Reputation: 103
I wrote this code to find all possible permutations of some numbers. But i dosen't want to use one digit twice:
123,132,213 are OK, but it produces numbers like 122, 121 etc.
What am i doing wrong?
import java.util.HashSet;
public class main {
public static void main(String[] args) {
HashSet<Integer> l = new HashSet<Integer>();
for(int i=0;i<=3;i++){
l.add(i);
}
perm(l,3,new StringBuffer());
}
static void perm(HashSet<Integer> in, int depth,StringBuffer out){
if(depth==0){
System.out.println(out);
return;
}
int len = in.size();
HashSet<Integer> tmp = in;
for(int i=0;i<len;i++){
out.append(in.toArray()[i]);
tmp.remove(i);
perm(tmp,depth-1,out);
out.deleteCharAt(out.length()-1);
tmp.add(i);
}
}
}
Upvotes: 0
Views: 1364
Reputation: 83
Here's a much simpler implementation using a HashSet. I'm using strings but the concept remains the same.

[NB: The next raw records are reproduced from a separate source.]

definition central :: "'a \<Rightarrow> bool" where
  "central z \<longleftrightarrow> z \<in> carrier G \<and> (\<forall>y\<in>carrier G. z \<otimes> y = y \<otimes> z)"

definition commutator :: "'a \<Rightarrow> 'a \<Rightarrow> 'a" where
  "commutator x y = x \<otimes> y \<otimes> inv x \<otimes> inv y"

lemma central_closed: "central z \<Longrightarrow> z \<in> carrier G"
  by (simp add: central_def)

lemma central_commute: "central z \<Longrightarrow> y \<in> carrier G \<Longrightarrow> z \<otimes> y = y \<otimes> z"
  by (simp add: central_def)

lemma central_one: "central \<one>"
  by (simp add: central_def)

lemma central_mult: "central a \<Longrightarrow> central b \<Longrightarrow> central (a \<otimes> b)"
  unfolding central_def by (metis m_assoc m_closed)

lemma central_nat_pow: "central a \<Longrightarrow> central (a [^] (k::nat))"
  by (induct k) (auto simp: central_one central_mult)

lemma commutator_mult_swap: "x \<in> carrier G \<Longrightarrow> y \<in> carrier G \<Longrightarrow> commutator x y \<otimes> y \<otimes> x = x \<otimes> y"
  by (simp add: commutator_def m_assoc)

lemma commutator_eq_central:
  assumes "x \<in> carrier G" "y \<in> carrier G" "central z" and "x \<otimes> y = z \<otimes> y \<otimes> x"
  shows "commutator x y = z"
  using assms central_closed[OF assms(3)] by (simp add: commutator_def m_assoc)

lemma commutator_mult_left:
  assumes "x \<in> carrier G" "y \<in> carrier G" "s \<in> carrier G" and "central (commutator y s)"
  shows "commutator (x \<otimes> y) s = commutator y s \<otimes> commutator x s"
proof -
  have "commutator (x \<otimes> y) s = x \<otimes> (commutator y s \<otimes> s) \<otimes> inv x \<otimes> inv s"
    using assms by (simp add: commutator_def m_assoc inv_mult_group)
  also have "\<dots> = commutator y s \<otimes> x \<otimes> s \<otimes> inv x \<otimes> inv s"
    using assms central_commute[OF assms(4), of x, symmetric] central_closed[OF assms(4)]
    by (simp add: m_assoc[symmetric])
  also have "\<dots> = commutator y s \<otimes> commutator x s"
    using assms central_closed[OF assms(4)] by (simp add: commutator_def m_assoc)
  finally show ?thesis .
qed

lemma nat_pow_commute_central:
  assumes x: "x \<in> carrier G" and y: "y \<in> carrier G" and w: "central w"
    and yx: "y \<otimes> x = w \<otimes> x \<otimes> y"
  shows "y [^] (k::nat) \<otimes> x = w [^] k \<otimes> x \<otimes> y [^] k"
proof (induction k)
  case 0
  show ?case using x by simp
next
  case (Suc k)
  have wc: "w \<in> carrier G" using w by (rule central_closed)
  have "y [^] Suc k \<otimes> x = y [^] k \<otimes> (w \<otimes> (x \<otimes> y))"
    using x y wc yx by (simp add: m_assoc)
  also have "\<dots> = w \<otimes> (y [^] k \<otimes> x) \<otimes> y"
    using x y wc central_commute[OF w, of "y [^] k"] by (simp add: m_assoc[symmetric])
  also have "\<dots> = (w \<otimes> w [^] k) \<otimes> x \<otimes> (y [^] k \<otimes> y)"
    using Suc x y wc by (simp add: m_assoc)
  also have "\<dots> = w [^] Suc k \<otimes> x \<otimes> y [^] Suc k"
    by (simp only: nat_pow_Suc2[OF wc] nat_pow_Suc[of y])
  finally show ?case .
qed
lemma sg_hamiltonian_cycle_C_sg:
  assumes "2 \<le> m - k" "1 \<le> k" "1 \<le> l" "1 \<le> c" "1 \<le> d" "n = c + l + d"
    and "2 \<le> k \<Longrightarrow> 2 \<le> c \<and> 2 \<le> d"
  shows "sg_hamiltonian_cycle (C_sg m n k l c d)"
proof -
  have "sg_hamiltonian_cycle
      ({int m - int k..int m} \<times> {int c + int l + 1..int n} \<union> {int m - int k} \<times> {int c + 1..int c + int l} \<union>
       {int m - int k..int m} \<times> {1..int c} \<union> {1..int m - int k - 1} \<times> {1..int n})"
    by (rule sg_hamiltonian_cycle_C_shape) (use assms in auto)
  then show ?thesis
    using C_sg_eq_union[of k m c l n d] assms(1,6) by simp
qed

lemma successively_rotate:
  assumes "successively R (xs @ v # ys)" "R (last (xs @ v # ys)) (hd (xs @ v # ys))"
  shows "successively R (v # ys @ xs) \<and> R (last (v # ys @ xs)) v"
proof (cases "xs = []")
  case True
  with assms show ?thesis by simp
next
  case False
  have "successively R (v # ys)" "successively R xs" "R (last xs) v"
    using assms(1) False by (simp_all add: successively_append_iff)
  moreover have "R (last (v # ys)) (hd xs)" using assms(2) False by simp
  ultimately show ?thesis
    using False successively_append_iff[of R "v # ys" xs] by auto
qed

lemma successively_eq_imp_eq_hd:
  "successively (\<lambda>x y. f x = f y) xs \<Longrightarrow> x \<in> set xs \<Longrightarrow> f x = f (hd xs)"
  by (induction xs rule: induct_list012) auto
(* Let $\alpha\in\mathbb{N}^n$. Then $1-T_\alpha(x)$ and $1+T_\alpha(x)$ both belong to $\mathcal Q(1-x_1^2,\dots,1-x_n^2)_{2|\alpha|}$, where $|\alpha|=\sum_i\alpha_i$.
   Context: $\Sigma[x]_r$ is the cone of sums of squares of polynomials in $x=(x_1,\dots,x_n)$ of total degree at most $r$; $\mathcal Q(1-x_1^2,\dots,1-x_n^2)_r=\Sigma[x]_r+\sum_{i=1}^n(1-x_i^2)\Sigma[x]_{r-2}$. $T_k(x)=\cos(k\arccos x)$ is the Chebyshev polynomial of the first kind and $T_\alpha(x)=\prod_{i=1}^nT_{\alpha_i}(x_i)$. *)

theory Defs
  imports Complex_Main
begin

text \<open>Points of R^n are functions x :: nat \<Rightarrow> real; only coordinates i < n matter.
  Exponent vectors alpha in N^n are functions nat \<Rightarrow> nat, only entries i < n matter.\<close>

definition monomial_val :: "nat \<Rightarrow> (nat \<Rightarrow> nat) \<Rightarrow> (nat \<Rightarrow> real) \<Rightarrow> real" where
  "monomial_val n a x = (\<Prod>i<n. x i ^ a i)"

definition tdeg :: "nat \<Rightarrow> (nat \<Rightarrow> nat) \<Rightarrow> nat" where
  "tdeg n a = (\<Sum>i<n. a i)"

definition is_poly :: "nat \<Rightarrow> nat \<Rightarrow> ((nat \<Rightarrow> real) \<Rightarrow> real) \<Rightarrow> bool" where
  "is_poly n d p \<longleftrightarrow> (\<exists>A c. finite A \<and> (\<forall>a\<in>A. tdeg n a \<le> d) \<and>
      (\<forall>x. p x = (\<Sum>a\<in>A. c a * monomial_val n a x)))"

text \<open>Sigma[x]_r: sums of squares of polynomials, the SOS polynomial having degree at most r,
  i.e. squares of polynomials of degree at most r div 2.\<close>
definition in_SOS :: "nat \<Rightarrow> nat \<Rightarrow> ((nat \<Rightarrow> real) \<Rightarrow> real) \<Rightarrow> bool" where
  "in_SOS n r s \<longleftrightarrow> (\<exists>(m::nat) q. (\<forall>j<m. is_poly n (r div 2) (q j)) \<and>
      (\<forall>x. s x = (\<Sum>j<m. (q j x)\<^sup>2)))"
lemma roots_strongly_connected:
  assumes "E \<subseteq> V \<times> V" and "a \<in> roots V E" and "b \<in> roots V E"
  shows "(a, b) \<in> (induced_edges E (roots V E))\<^sup>*"
proof -
  have "(a, b) \<in> E\<^sup>*"
    using assms(2,3) is_root_iff_rtrancl[OF assms(1)] unfolding roots_def by blast
  then show ?thesis
  proof (induction rule: rtrancl_induct)
    case base
    then show ?case by simp
  next
    case (step x y)
    have "x \<in> roots V E"
      using roots_reachable_closed[OF assms(1,2) step(1)] .
    moreover have "y \<in> roots V E"
      using roots_reachable_closed[OF assms(1,2) rtrancl_into_rtrancl[OF step(1,2)]] .
    ultimately have "(x, y) \<in> induced_edges E (roots V E)"
      using step(2) unfolding induced_edges_def by blast
    with step.IH show ?case by (rule rtrancl_into_rtrancl)
  qed
qed

text \<open>The hypothesis \<open>rooted V E\<close> is implied by \<open>v \<in> roots V E\<close> and not used.\<close>

theorem lemma8:
  fixes G :: "('g, 'b) monoid_scheme" and V :: "'v set" and E :: "('v \<times> 'v) set"
    and \<rho> :: "'v \<times> 'v \<Rightarrow> 'g" and v :: 'v
  assumes "voltage_graph G V E \<rho>"
    and "finite (carrier G)"
    and "rooted V E"
    and "v \<in> roots V E"
  shows "local_group G (roots V E) (induced_edges E (roots V E)) \<rho> v
         = directed_local_group G V E \<rho> v"
proof -
  let ?R = "roots V E"
  interpret group G
    using assms(1) unfolding voltage_graph_def by blast
  have EV: "E \<subseteq> V \<times> V" and "\<rho> ` E \<subseteq> carrier G"
    using assms(1) unfolding voltage_graph_def simple_digraph_def by auto
  have "local_group G ?R (induced_edges E ?R) \<rho> v = directed_local_group G ?R (induced_edges E ?R) \<rho> v"
  proof (rule local_group_eq_directed_local_group)
    show "\<rho> ` induced_edges E ?R \<subseteq> carrier G"
      using \<open>\<rho> ` E \<subseteq> carrier G\<close> unfolding induced_edges_def by blast
    show "induced_edges E ?R \<subseteq> ?R \<times> ?R"
      unfolding induced_edges_def by blast
    show "\<forall>a\<in>?R. \<forall>b\<in>?R. (a, b) \<in> (induced_edges E ?R)\<^sup>*"
      using roots_strongly_connected[OF EV] by blast
  qed fact
  also have "\<dots> = directed_local_group G V E \<rho> v"
  proof (rule directed_local_group_induced)
    show "?R \<subseteq> V"
      unfolding roots_def is_root_def by blast
  qed (use roots_reachable_closed[OF EV] assms(4) in auto)
  finally show ?thesis .
qed

end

public void printPermutations(String str){
HashSet<String> hs = new HashSet<>();
printPermutations("", str, hs);
}
public void printPermutations(String prefix, String end, HashSet<String> hs){
if(end.equals(""))
System.out.println(prefix);
for(int i = 0; i < end.length(); ++i)
if(hs.add(prefix + end.charAt(i))){
printPermutations(prefix + end.charAt(i),
end.substring(0,i) + end.substring(i + 1, end.length()), hs);
}
}
Upvotes: 0
Reputation: 86
It looks like Autoboxing is getting you. When you call the remove with 'i', My guess is that 'i' has been boxed to a different object and is thus not found in your HashSet.
Upvotes: 1
Reputation: 28292
tmp.remove(i)
is wrong. You need to remove the ith element from tmp... you are removing the element "i". So, do tmp.remove(in.toArray()[i])
. I think that will fix this up. For instance, if the zeroth element is 17, doing tmp.remove(i)
will remove all zeroes from the HashSet, not "17".